By Layne Weiss     Jun 6, 2013 in World
Two rare bottles of French champagne are set to be auctioned off in the United Kingdom. These bottles have a bit of an unusual history. They were confiscated by the Nazis in France in 1940 during World War II.
They were recovered by an unidentified member of Great Britain's Royal Force Air Force and kept in perfect condition by his daughter for decades, the Huff Post reports.
The bottles were snatched up by Hanson's Auctioneers about 10 years ago. They are a Chateau de Mareuilsay Montebello 1937 and Monopole Red Top by Heidseick.
Both bottles are stamped with read labels that read, in German, "Reserved for German Army, Not for resale or purchase" and "Sale in the free market are prohibited."
Around 80% of French champagne was confiscated by the Nazis following the 1940 invasion, The Daily Mail reports.
Auctioneer Charles Hanson said the Nazis consumed vast amounts of French champagne to flaunt their victory.
He commented about how remarkable it was that these two bottles still exist.
Hanson's junior valuer and researcher Elizabeth Bailey remarked that the Nazis seemed to have an "unquenchable thirst for French champagne," the Huff Post reports.

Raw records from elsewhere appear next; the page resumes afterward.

lemma obtain_fourth_neighbour:
  assumes "E v a" "E v b" "E v c" "distinct [a, b, c]"
  obtains e where "E v e" "distinct [a, b, c, e]"
proof -
  have "\<not> {y. E v y} \<subseteq> {a, b, c}"
  proof
    assume "{y. E v y} \<subseteq> {a, b, c}"
    then have "card {y. E v y} \<le> card {a, b, c}" by (rule card_mono[rotated]) simp
    also have "\<dots> \<le> 3" using card_length[of "[a, b, c]"] by simp
    finally show False using card_neighbours[OF v_in_V] by simp
  qed
  then obtain e where "E v e" "e \<notin> {a, b, c}" by blast
  with assms(4) show thesis using that by auto
qed

text \<open>The cut {a, b, e, c'} separates {v, c}; inside it a is adjacent only to b and
  e only to c'.\<close>

lemma foresty_min_cut_triangle_unshared_outer:
  assumes va: "E v a" "E v b" "E v c" "distinct [a, b, c]"
    and tri: "E a b" "E b c" "E c a"
    and c': "E c c'" "c' \<noteq> v" "\<not> E v c'" and "\<not> E a c'"
  shows "\<exists>T. min_vertex_cut V E T \<and> foresty_vertex_cut V E T"
proof -
  obtain e where e: "E v e" "distinct [a, b, c, e]" using obtain_fourth_neighbour[OF va] .
  obtain a' where a': "E a a'" "a' \<noteq> v" "\<not> E v a'" using obtain_outer_neighbour[OF va(1)] .
  obtain b' where b': "E b b'" "b' \<noteq> v" "\<not> E v b'" using obtain_outer_neighbour[OF va(2)] .
  note adj = va e a' b' c' tri adj_sym[OF tri(1)] adj_sym[OF tri(2)] adj_sym[OF tri(3)] adj_irrefl
  have Nv: "E v y \<longleftrightarrow> y \<in> {a, b, c, e}" for y
    by (rule adj_iff_four_adj) (use v_in_V adj in auto)
  have Na: "E a y \<longleftrightarrow> y \<in> {v, b, c, a'}" for y
    by (rule adj_iff_four_adj) (use adj adj_in_V in \<open>auto dest: adj_sym\<close>)
  have Nb: "E b y \<longleftrightarrow> y \<in> {v, a, c, b'}" for y
    by (rule adj_iff_four_adj) (use adj adj_in_V in \<open>auto dest: adj_sym\<close>)
  have Nc: "E c y \<longleftrightarrow> y \<in> {v, a, b, c'}" for y
    by (rule adj_iff_four_adj) (use adj adj_in_V in \<open>auto dest: adj_sym\<close>)
  have "min_vertex_cut V E {a, b, e, c'}"
  proof (rule min_vertex_cut_if_separates[where X = "{v, c}"])
    show "{a, b, e, c'} \<subseteq> V" "{v, c} \<subseteq> V - {a, b, e, c'}" using adj adj_in_V by auto
    show "card {a, b, e, c'} \<le> 4" using card_length[of "[a, b, e, c']"] by simp
    show "card ({a, b, e, c'} \<union> {v, c}) < card V"
      using card_length[of "[v, c, a, b, e, c']"] seven_le_card_V by simp
    show "\<And>x y. x \<in> {v, c} \<Longrightarrow> E x y \<Longrightarrow> y \<in> {v, c} \<union> {a, b, e, c'}"
      using Nv Nc by blast
  qed simp
  moreover have "forest {a, b, e, c'} (induced E {a, b, e, c'})"
  proof (rule forest_induced_if_degree_le_1_outside[of E "{b, c'}", OF adj_sym])
    have "y = b" if "y \<in> {a, b, e, c'}" "E a y" for y
      using that adj \<open>\<not> E a c'\<close> by (auto simp: Na)
    moreover have "y = c'" if "y \<in> {a, b, e, c'}" "E e y" for y
      using that adj adj_sym[of e a] adj_sym[of e b] by (auto simp: Na Nb)
    ultimately show "\<And>x y z. x \<in> {a, b, e, c'} - {b, c'} \<Longrightarrow> y \<in> {a, b, e, c'} \<Longrightarrow>
        z \<in> {a, b, e, c'} \<Longrightarrow> E x y \<Longrightarrow> E x z \<Longrightarrow> y = z"
      by blast
    show "card {b, c'} \<le> 2" using card_length[of "[b, c']"] by simp
  qed simp_all
  ultimately show ?thesis unfolding foresty_vertex_cut_def min_vertex_cut_def by blast
qed

lemma triangle_no_common_outer_neighbour:
  assumes va: "E v a" "E v b" "E v c" "distinct [a, b, c]"
    and tri: "E a b" "E b c" "E c a"
    and c': "E c c'" "c' \<noteq> v" "\<not> E v c'" and "E a c'" "E b c'"
  shows False
proof -
  obtain e where e: "E v e" "distinct [a, b, c, e]" using obtain_fourth_neighbour[OF va] .
  note adj = va e c' tri adj_sym[OF tri(1)] adj_sym[OF tri(2)] adj_sym[OF tri(3)] adj_irrefl
    \<open>E a c'\<close> \<open>E b c'\<close>
  have Nv: "E v y \<longleftrightarrow> y \<in> {a, b, c, e}" for y
    by (rule adj_iff_four_adj) (use v_in_V adj in auto)
  have Na: "E a y \<longleftrightarrow> y \<in> {v, b, c, c'}" for y
    by (rule adj_iff_four_adj) (use adj adj_in_V in \<open>auto dest: adj_sym\<close>)
  have Nb: "E b y \<longleftrightarrow> y \<in> {v, a, c, c'}" for y
    by (rule adj_iff_four_adj) (use adj adj_in_V in \<open>auto dest: adj_sym\<close>)
  have Nc: "E c y \<longleftrightarrow> y \<in> {v, a, b, c'}" for y
    by (rule adj_iff_four_adj) (use adj adj_in_V in \<open>auto dest: adj_sym\<close>)
  have "vertex_cut V E {e, c'}"
  proof (rule vertex_cut_if_closed_set[where X = "{v, a, b, c}"])
    show "{e, c'} \<subseteq> V" "{v, a, b, c} \<subseteq> V - {e, c'}" using adj adj_in_V by auto
    show "card ({e, c'} \<union> {v, a, b, c}) < card V"
      using card_length[of "[v, a, b, c, e, c']"] seven_le_card_V by simp
    show "\<And>x y. x \<in> {v, a, b, c} \<Longrightarrow> E x y \<Longrightarrow> y \<in> {v, a, b, c} \<union> {e, c'}"
      using Nv Na Nb Nc by blast
  qed simp_all
  then have "4 \<le> card {e, c'}" by (rule card_ge_4_if_vertex_cut)
  then show False using card_length[of "[e, c']"] by simp
qed

lemma foresty_min_cut_triangle:
  assumes va: "E v a" "E v b" "E v c" "distinct [a, b, c]" and tri: "E a b" "E b c" "E c a"
  shows "\<exists>T. min_vertex_cut V E T \<and> foresty_vertex_cut V E T"
proof -
  obtain c' where c': "E c c'" "c' \<noteq> v" "\<not> E v c'" using obtain_outer_neighbour[OF va(3)] .
  consider "\<not> E a c'" | "\<not> E b c'" | "E a c'" "E b c'" by blast
  then show ?thesis
  proof cases
    case 1
    then show ?thesis using foresty_min_cut_triangle_unshared_outer[OF va tri c'] by blast
  next
    case 2
    have "distinct [b, a, c]" "E b a" "E a c" "E c b"
      using va(4) tri by (auto intro: adj_sym)
    then show ?thesis using foresty_min_cut_triangle_unshared_outer[of b a c c'] va c' 2 by blast
  next
    case 3
    then show ?thesis using triangle_no_common_outer_neighbour[OF va tri c'] by blast
  qed
qed

lemma outer_neighbour_unique:
  assumes "E v x" "E v p" "E v q" "p \<noteq> q" "E x p" "E x q"
    and "E x w" "w \<noteq> v" "\<not> E v w" "E x w'" "w' \<noteq> v" "\<not> E v w'"
  shows "w = w'"
proof (rule ccontr)
  assume "w \<noteq> w'"
  with assms adj_irrefl have "distinct [v, p, q, w, w']" by auto
  then have "length [v, p, q, w, w'] \<le> 4"
    by (rule length_le_degree[OF adj_in_V(2)[OF assms(1)]]) (use assms adj_sym in auto)
  then show False by simp
qed

text \<open>Were these seven vertices all of V, then b' and e' would each have three neighbours
  in N(v), hence a common one, which would have degree five.\<close>

lemma square_card_lt:
  assumes va: "E v a" "E v b" "E v c" "E v e" "distinct [a, b, c, e]"
    and sq: "E a b" "E b c" "E c e" "E e a"
    and b': "E b b'" "b' \<noteq> v" "\<not> E v b'" and e': "E e e'" "e' \<noteq> v" "\<not> E v e'"
  shows "card {a, c, b', e', v, b, e} < card V"
proof (rule ccontr)
  let ?U = "{a, c, b', e', v, b, e}"
  assume "\<not> ?thesis"
  moreover have U: "?U \<subseteq> V" using va b' e' v_in_V adj_in_V by auto
  ultimately have "?U = V" using card_mono[OF finite_V U] by (intro card_subset_eq[OF finite_V U]) simp
  have Nv: "E v y \<longleftrightarrow> y \<in> {a, b, c, e}" for y
    by (rule adj_iff_four_adj) (use v_in_V va in auto)
  have "b' \<noteq> e'"
  proof
    assume "b' = e'"
    then have "card ?U \<le> 6" using card_length[of "[a, c, b', v, b, e]"] by simp
    then show False using \<open>?U = V\<close> seven_le_card_V by simp
  qed
  have two: "\<exists>p q. E v p \<and> E v q \<and> p \<noteq> q \<and> E x p \<and> E x q" if "E v x" for x
    using that va sq by (auto simp: Nv intro: adj_sym)
  have no_common: "\<not> (E x b' \<and> E x e')" if vx: "E v x" for x
  proof
    assume x: "E x b' \<and> E x e'"
    obtain p q where pq: "E v p" "E v q" "p \<noteq> q" "E x p" "E x q" using two[OF vx] by blast
    have "b' = e'" using outer_neighbour_unique[OF vx pq _ b'(2,3) _ e'(2,3)] x by blast
    with \<open>b' \<noteq> e'\<close> show False by contradiction
  qed
  have out_adj: "{y. E w y} - {w'} \<subseteq> {y. E v y}" if "w \<in> {b', e'}" "w' \<in> {b', e'}" "w \<noteq> w'" for w w'
  proof
    fix y assume "y \<in> {y. E w y} - {w'}"
    then have "y \<in> V" "E w y" "y \<noteq> w'" using adj_in_V(2) by auto
    then show "y \<in> {y. E v y}"
      using that \<open>?U = V\<close> b' e' adj_irrefl adj_sym[of w v] by (auto simp: Nv)
  qed
  let ?P = "{y. E b' y} - {e'}" and ?Q = "{y. E e' y} - {b'}"
  have "3 \<le> card ?P" "3 \<le> card ?Q"
    using card_neighbours adj_in_V(2)[OF b'(1)] adj_in_V(2)[OF e'(1)] finite_neighbours
    by (simp_all add: card_Diff_singleton_if)
  moreover have "card (?P \<union> ?Q) \<le> 4"
    using card_mono[OF finite_neighbours, of "?P \<union> ?Q" v] out_adj[of b' e'] out_adj[of e' b']
      \<open>b' \<noteq> e'\<close> card_neighbours[OF v_in_V] by auto
  moreover have "card ?P + card ?Q = card (?P \<union> ?Q) + card (?P \<inter> ?Q)"
    using finite_neighbours by (intro card_Un_Int) auto
  ultimately have "?P \<inter> ?Q \<noteq> {}" by force
  then obtain x where "E b' x" "E e' x" "x \<noteq> b'" "x \<noteq> e'" by blast
  moreover have "E v x" using out_adj[of b' e'] \<open>b' \<noteq> e'\<close> calculation by blast
  ultimately show False using no_common adj_sym by blast
qed

lemma foresty_min_cut_square:
  assumes va: "E v a" "E v b" "E v c" "E v e" "distinct [a, b, c, e]"
    and sq: "E a b" "E b c" "E c e" "E e a"
  shows "\<exists>T. min_vertex_cut V E T \<and> foresty_vertex_cut V E T"
proof -
  obtain a' where a': "E a a'" "a' \<noteq> v" "\<not> E v a'" using obtain_outer_neighbour[OF va(1)] .
  obtain b' where b': "E b b'" "b' \<noteq> v" "\<not> E v b'" using obtain_outer_neighbour[OF va(2)] .
  obtain c' where c': "E c c'" "c' \<noteq> v" "\<not> E v c'" using obtain_outer_neighbour[OF va(3)] .
  obtain e' where e': "E e e'" "e' \<noteq> v" "\<not> E v e'" using obtain_outer_neighbour[OF va(4)] .
  note adj = va a' b' c' e' sq adj_sym[OF sq(1)] adj_sym[OF sq(2)] adj_sym[OF sq(3)]
    adj_sym[OF sq(4)] adj_irrefl
  have Nv: "E v y \<longleftrightarrow> y \<in> {a, b, c, e}" for y
    by (rule adj_iff_four_adj) (use v_in_V adj in auto)
  have Na: "E a y \<longleftrightarrow> y \<in> {v, b, e, a'}" for y
    by (rule adj_iff_four_adj) (use adj adj_in_V in \<open>auto dest: adj_sym\<close>)
  have Nb: "E b y \<longleftrightarrow> y \<in> {v, a, c, b'}" for y
    by (rule adj_iff_four_adj) (use adj adj_in_V in \<open>auto dest: adj_sym\<close>)
  have Nc: "E c y \<longleftrightarrow> y \<in> {v, b, e, c'}" for y
    by (rule adj_iff_four_adj) (use adj adj_in_V in \<open>auto dest: adj_sym\<close>)
  have Ne: "E e y \<longleftrightarrow> y \<in> {v, c, a, e'}" for y
    by (rule adj_iff_four_adj) (use adj adj_in_V in \<open>auto dest: adj_sym\<close>)
  have "min_vertex_cut V E {a, c, b', e'}"
  proof (rule min_vertex_cut_if_separates[where X = "{v, b, e}"])
    show "{a, c, b', e'} \<subseteq> V" "{v, b, e} \<subseteq> V - {a, c, b', e'}" using adj adj_in_V by auto
    show "card {a, c, b', e'} \<le> 4" using card_length[of "[a, c, b', e']"] by simp
    have "{a, c, b', e'} \<union> {v, b, e} = {a, c, b', e', v, b, e}" by auto
    then show "card ({a, c, b', e'} \<union> {v, b, e}) < card V"
      using square_card_lt[OF va sq b' e'] by simp
    show "\<And>x y. x \<in> {v, b, e} \<Longrightarrow> E x y \<Longrightarrow> y \<in> {v, b, e} \<union> {a, c, b', e'}"
      using Nv Nb Ne by blast
  qed simp
  moreover have "forest {a, c, b', e'} (induced E {a, c, b', e'})"
  proof (rule forest_induced_if_degree_le_1_outside[of E "{b', e'}", OF adj_sym])
    have "y = a'" if "y \<in> {a, c, b', e'}" "E a y" for y
      using that va b' e' adj_irrefl by (auto simp: Na)
    moreover have "y = c'" if "y \<in> {a, c, b', e'}" "E c y" for y
      using that va b' e' adj_irrefl by (auto simp: Nc)
    ultimately show "\<And>x y z. x \<in> {a, c, b', e'} - {b', e'} \<Longrightarrow> y \<in> {a, c, b', e'} \<Longrightarrow>
        z \<in> {a, c, b', e'} \<Longrightarrow> E x y \<Longrightarrow> E x z \<Longrightarrow> y = z"
      by blast
    show "card {b', e'} \<le> 2" using card_length[of "[b', e']"] by simp
  qed simp_all
  ultimately show ?thesis unfolding foresty_vertex_cut_def min_vertex_cut_def by blast
qed
lemma lead_coeff_complex_cyclotomic: "lead_coeff (complex_cyclotomic m) = 1"
  unfolding complex_cyclotomic_def by (simp add: lead_coeff_prod)

text \<open>X^n - 1 is the product of X - z over the n-th roots of unity; it is separable
  because its derivative n X^(n-1) only vanishes at 0.\<close>

lemma complex_xn_minus_1_factorization:
  assumes "n > 0"
  shows "(monom 1 n - 1 :: complex poly) = (\<Prod>k<n. [:- cis (2 * pi * real k / real n), 1:])"
proof -
  let ?p = "monom 1 n - 1 :: complex poly"
  have "coeff ?p n = 1" using assms by (simp add: coeff_monom)
  moreover have "degree ?p \<le> n" by (intro degree_diff_le) (auto simp: degree_monom_le)
  ultimately have "degree ?p = n" by (metis antisym le_degree zero_neq_one)
  hence monic: "lead_coeff ?p = 1" using assms by (simp add: coeff_monom)
  have roots: "{z. poly ?p z = 0} = {z. z ^ n = 1}" by (auto simp: poly_monom)
  have "rsquarefree ?p"
    unfolding rsquarefree_roots
  proof (intro allI notI)
    fix a assume a: "poly ?p a = 0 \<and> poly (pderiv ?p) a = 0"
    have "pderiv ?p = monom (of_nat n) (n - 1)" by (simp add: pderiv_diff pderiv_monom)
    hence "a = 0" using a assms by (simp add: poly_monom)
    thus False using a assms by (simp add: poly_monom power_0_left)
  qed
  hence "?p = smult (lead_coeff ?p) (\<Prod>z | poly ?p z = 0. [:-z, 1:])"
    by (rule complex_poly_decompose_rsquarefree[symmetric])
  also have "\<dots> = (\<Prod>z | poly ?p z = 0. [:-z, 1:])"
    by (simp only: monic smult_1_left)
  also have "\<dots> = (\<Prod>k<n. [:- cis (2 * pi * real k / real n), 1:])"
    unfolding roots
    by (rule prod.reindex_bij_betw[OF bij_betw_roots_unity[OF assms], of "\<lambda>z. [:-z, 1:]", symmetric])
  finally show ?thesis .
qed

text \<open>Writing each fraction j/n (0 \<le> j < n) in lowest terms k/d gives a bijection between
  the pairs (d, k) with d dividing n, k < d coprime to d, and the residues below n.\<close>

lemma bij_betw_reduced_fractions:
  fixes n :: nat
  assumes n: "n > 0"
  shows "bij_betw (\<lambda>(d, k). k * (n div d))
           (SIGMA d:{d. d dvd n}. {k. k < d \<and> coprime k d}) {..<n}"
    (is "bij_betw ?\<phi> ?S _")
proof (rule bij_betw_byWitness[where f' = "\<lambda>j. (n div gcd j n, j div gcd j n)"])
  show "\<forall>x\<in>?S. (n div gcd (?\<phi> x) n, ?\<phi> x div gcd (?\<phi> x) n) = x"
  proof
    fix x assume "x \<in> ?S"
    then obtain d k where x: "x = (d, k)" "d dvd n" "coprime k d" by auto
    then obtain m where m: "n = d * m" by blast
    with n have "d > 0" "m > 0" by auto
    have "gcd (k * m) n = m" using x(3) m
      by (metis coprime_iff_gcd_eq_1 gcd_mult_distrib_nat mult.commute mult_1)
    thus "(n div gcd (?\<phi> x) n, ?\<phi> x div gcd (?\<phi> x) n) = x"
      using x m \<open>d > 0\<close> \<open>m > 0\<close> by simp
  qed
  show "\<forall>j\<in>{..<n}. ?\<phi> (n div gcd j n, j div gcd j n) = j"
  proof
    fix j assume "j \<in> {..<n}"
    define g where "g = gcd j n"
    have "g > 0" "g dvd j" using n by (auto simp: g_def)
    obtain c where c: "n = g * c" by (metis g_def gcd_dvd2 dvdE)
    with n have "c > 0" by auto
    have "n div (n div g) = g" using c \<open>g > 0\<close> \<open>c > 0\<close> by simp
    thus "?\<phi> (n div gcd j n, j div gcd j n) = j"
      using \<open>g dvd j\<close> by (simp add: g_def[symmetric])
  qed
  show "?\<phi> ` ?S \<subseteq> {..<n}"
  proof clarify
    fix d k assume "d dvd n" "k < d"
    then obtain m where m: "n = d * m" by blast
    with n have "m > 0" by auto
    have "k * m < d * m" using \<open>k < d\<close> \<open>m > 0\<close> by simp
    thus "k * (n div d) < n" using m \<open>m > 0\<close> by simp
  qed
  show "(\<lambda>j. (n div gcd j n, j div gcd j n)) ` {..<n} \<subseteq> ?S"
  proof
    fix x assume "x \<in> (\<lambda>j. (n div gcd j n, j div gcd j n)) ` {..<n}"
    then obtain j where j: "x = (n div gcd j n, j div gcd j n)" "j < n" by auto
    define g where "g = gcd j n"
    have "g > 0" "g dvd n" "g dvd j" using n by (auto simp: g_def)
    have "j div g < n div g" using \<open>j < n\<close> \<open>g dvd n\<close> \<open>g dvd j\<close> \<open>g > 0\<close>
      by (metis div_less_iff_less_mult dvd_div_mult_self)
    moreover have "coprime (j div g) (n div g)" unfolding g_def using div_gcd_coprime n by blast
    moreover have "n div g dvd n" using \<open>g dvd n\<close> by (metis dvd_div_mult_self dvd_triv_left)
    ultimately show "x \<in> ?S" using j by (simp add: g_def[symmetric])
  qed
qed

text \<open>Regrouping the n-th roots of unity by their exact order: X^n - 1 is the product of
  the complex cyclotomic polynomials of the divisors of n.\<close>

lemma prod_complex_cyclotomic_divisors:
  assumes n: "n > 0"
  shows "(\<Prod>d\<in>{d. d dvd n}. complex_cyclotomic d) = monom 1 n - 1"
proof -
  let ?S = "SIGMA d:{d. d dvd n}. {k. k < d \<and> coprime k d}"
  have "(\<Prod>d\<in>{d. d dvd n}. complex_cyclotomic d)
        = (\<Prod>(d, k)\<in>?S. [:- cis (2 * pi * real k / real d), 1:])"
    unfolding complex_cyclotomic_def using n by (subst prod.Sigma) auto
  also have "\<dots> = (\<Prod>(d, k)\<in>?S. [:- cis (2 * pi * real (k * (n div d)) / real n), 1:])"
  proof (intro prod.cong refl, clarify)
    fix d k assume "d dvd n"
    then obtain m where "n = d * m" "m > 0" using n by auto
    hence "2 * pi * real k / real d = 2 * pi * real (k * (n div d)) / real n" by simp
    thus "[:- cis (2 * pi * real k / real d), 1:] = [:- cis (2 * pi * real (k * (n div d)) / real n), 1:]"
      by (simp only:)
  qed
  also have "\<dots> = (\<Prod>j<n. [:- cis (2 * pi * real j / real n), 1:])"
    using prod.reindex_bij_betw[OF bij_betw_reduced_fractions[OF n],
        of "\<lambda>j. [:- cis (2 * pi * real j / real n), 1:]"]
    by (simp add: case_prod_unfold)
  also have "\<dots> = monom 1 n - 1" using complex_xn_minus_1_factorization[OF n] by simp
  finally show ?thesis .
qed

section \<open>Integral cyclotomic polynomials\<close>

text \<open>By strong induction: X^n - 1 is the product of the complex cyclotomic polynomial of
  order n and those of the proper divisors of n, which are monic and integral by induction;
  the quotient of an integer polynomial by a monic one is integral.\<close>

lemma complex_cyclotomic_integral:
  assumes "n > 0"
  shows "\<exists>p. int_poly p = complex_cyclotomic n"
  using assms
proof (induction n rule: less_induct)
  case (less n)
  define D where "D = {d. d dvd n} - {n}"
  define P where "P = (\<lambda>d. SOME p. int_poly p = complex_cyclotomic d)"
  have P: "int_poly (P d) = complex_cyclotomic d" if "d \<in> D" for d
  proof -
    have "d < n" "d > 0" using that less.prems by (auto simp: D_def dest: dvd_imp_le intro: gr0I)
    from less.IH[OF this] show ?thesis unfolding P_def by (rule someI_ex)
  qed
  define B where "B = (\<Prod>d\<in>D. P d)"
  have int_B: "int_poly B = (\<Prod>d\<in>D. complex_cyclotomic d)"
    unfolding B_def int_poly_prod using P by (intro prod.cong) auto
  have "lead_coeff (int_poly B :: complex poly) = 1"
    unfolding int_B by (simp add: lead_coeff_prod lead_coeff_complex_cyclotomic)
  hence "lead_coeff B = 1" by (simp add: coeff_map_poly)
  moreover have "int_poly B * complex_cyclotomic n = int_poly (monom 1 n - 1)"
  proof -
    have "int_poly (monom 1 n - 1) = (\<Prod>d\<in>{d. d dvd n}. complex_cyclotomic d)"
      using prod_complex_cyclotomic_divisors[OF less.prems] by simp
    also have "\<dots> = complex_cyclotomic n * (\<Prod>d\<in>D. complex_cyclotomic d)"
      unfolding D_def using less.prems by (subst prod.remove[of _ n]) auto
    finally show ?thesis unfolding int_B by (simp add: mult.commute)
  qed
  ultimately obtain q where "complex_cyclotomic n = int_poly q"
    using monic_quotient_int_poly by blast
  thus ?case by auto
qed

lemma int_poly_cyclotomic:
  assumes "n > 0"
  shows "int_poly (cyclotomic n) = complex_cyclotomic n"
proof -
  have "\<exists>!p. int_poly p = complex_cyclotomic n"
    using complex_cyclotomic_integral[OF assms] int_poly_eq_iff by metis
  from theI'[OF this] show ?thesis unfolding cyclotomic_def complex_cyclotomic_def by simp
qed

lemma prod_cyclotomic_divisors:
  assumes "n > 0"
  shows "(\<Prod>d\<in>{d. d dvd n}. cyclotomic d) = monom 1 n - 1"
proof -
  have "(int_poly (\<Prod>d\<in>{d. d dvd n}. cyclotomic d) :: complex poly)
        = (\<Prod>d\<in>{d. d dvd n}. complex_cyclotomic d)"
    unfolding int_poly_prod using assms
    by (intro prod.cong refl int_poly_cyclotomic) (auto intro: gr0I)
  also have "\<dots> = int_poly (monom 1 n - 1)"
    using prod_complex_cyclotomic_divisors[OF assms] by simp
  finally show ?thesis by (simp only: int_poly_eq_iff)
qed

lemma lead_coeff_cyclotomic:
  assumes "n > 0"
  shows "lead_coeff (cyclotomic n) = 1"
  using int_poly_cyclotomic[OF assms] lead_coeff_complex_cyclotomic[of n]
    lead_coeff_int_poly[of "cyclotomic n", where 'a = complex]
  by simp

lemma cyclotomic_nonzero: "n > 0 \<Longrightarrow> cyclotomic n \<noteq> 0"
  using lead_coeff_cyclotomic[of n] by auto

section \<open>Distinct cyclotomic polynomials are coprime\<close>

text \<open>X^N - 1 is squarefree in characteristic zero: a square factor x^2 would divide both
  X^N - 1 and its derivative, hence the nonzero constant X (X^N - 1)' - N (X^N - 1) = N;
  so x is a constant dividing the leading coefficient 1.\<close>

lemma squarefree_xn_minus_1:
  assumes N: "N > 0"
  shows "squarefree (monom 1 N - 1 :: 'a :: {idom, ring_char_0} poly)"
proof (rule squarefreeI)
  let ?g = "monom 1 N - 1 :: 'a poly"
  fix x :: "'a poly" assume "x ^ 2 dvd ?g"
  then obtain r where g: "?g = x * (x * r)" by (metis dvdE power2_eq_square mult.assoc)
  have "pderiv ?g = x * pderiv (x * r) + (x * r) * pderiv x" unfolding g by (rule pderiv_mult)
  hence "x dvd pderiv ?g" by simp
  moreover have "x dvd ?g" unfolding g by simp
  ultimately have "x dvd monom 1 1 * pderiv ?g - smult (of_nat N) ?g"
    by (intro dvd_diff dvd_mult) (auto intro: dvd_smult)
  also have "monom 1 1 * pderiv ?g - smult (of_nat N) ?g = [:of_nat N:]"
    using N by (simp add: pderiv_diff pderiv_monom mult_monom smult_diff_right smult_monom monom_0)
  finally have "x dvd [:of_nat N:]" .
  hence "degree x = 0" using N by (metis dvd_imp_degree_le degree_pCons_0 le_zero_eq of_nat_eq_0_iff
        pCons_eq_0_iff not_gr0)
  then obtain c where c: "x = [:c:]" by (elim degree_eq_zeroE) auto
  have "c dvd coeff ?g N" using \<open>x dvd ?g\<close> c const_poly_dvd_iff by blast
  moreover have "coeff ?g N = 1" using N by (simp add: coeff_monom)
  ultimately show "x dvd 1" using c by (simp add: is_unit_const_poly_iff)
qed

text \<open>A common divisor of a and b appears squared in a * b.\<close>

lemma squarefree_mult_imp_coprime:
  assumes "squarefree (a * b)"
  shows "coprime a b"
proof (rule coprimeI)
  fix c assume "c dvd a" "c dvd b"
  hence "c ^ 2 dvd a * b" by (simp add: power2_eq_square mult_dvd_mono)
  with assms show "c dvd 1" by (rule squarefreeD)
qed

The Nazis set up an office at Reims to control champagne production in order to control a constant supply, The Drinks Business reports. Whether they really enjoyed the way it tasted or they wanted to flaunt the fact that they have invaded France, they just really wanted to ensure they were always well stocked with champagne.
Elizabeth Bailey revealed that some of the last planes flying in Stalingrad in 1942-1943 were actually carrying crates of champagne to German military offices.
The bottles will be auctioned off at Hanson's Auctioneers in Derbyshire on June 20. According to the Huff Post, they are expected to go for between $151 and $227 each.